Instructions for the task: Read through the lines below and copy the ones holding the string "qpoch".

Dataset entries:
━━━━━━━━━━

text \<open>At \<open>x = q^e\<close> with \<open>s < e \<le> n - h\<close> the kernel splits into products of one-variable
  terms, each of which is a vanishing weighted moment.\<close>
lemma lhs_root_pos: assumes "Suc s \<le> e" "e \<le> n - h" shows "lhs (q ^ e) = 0"
proof -
  define x where "x = q ^ e"
  define Q where "Q = (\<lambda>a. \<Sum>k=s..n. qpoch x q k * weight k * (q ^ k) ^ a)"
  have Q_vanish: "Q 1 = 0" "Q 2 = 0"
    unfolding Q_def x_def using assms weight_moment_vanish[of e 1] weight_moment_vanish[of e 2]
    by simp_all
  have row: "(\<Sum>k=s..n. qpoch x q j * qpoch x q k * kernel j k)
      = qpoch x q j * weight j * q ^ (2 * j) * Q 1 - qpoch x q j * weight j * q ^ j * Q 2" for j
  proof -
    have "q ^ (2 * j + k) = q ^ (2 * j) * (q ^ k) ^ 1" "q ^ (j + 2 * k) = q ^ j * (q ^ k) ^ 2" for k
      by (simp_all add: power_add power_mult[symmetric] mult.commute)
    then show ?thesis
      unfolding Q_def kernel_def
      by (simp add: sum_distrib_left sum_subtractf[symmetric] algebra_simps)
  qed
  show ?thesis unfolding x_def[symmetric] lhs_def row Q_vanish by simp
qed

definition root_list :: "'a list" where
  "root_list = map (\<lambda>i. q powi (- int i)) [s..<m + h] @ map (\<lambda>e. q ^ e) [Suc s..<Suc (n - h)]"

lemma length_root_list: "length root_list = lhs_degree"
  using s_plus_h_le_n s_le_m unfolding root_list_def lhs_degree_def by simp linarith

━━━━━━━━━━

Reply to the task:
  define Q where "Q = (\<lambda>a. \<Sum>k=s..n. qpoch x q k * weight k * (q ^ k) ^ a)"
  have row: "(\<Sum>k=s..n. qpoch x q j * qpoch x q k * kernel j k)
      = qpoch x q j * weight j * q ^ (2 * j) * Q 1 - qpoch x q j * weight j * q ^ j * Q 2" for j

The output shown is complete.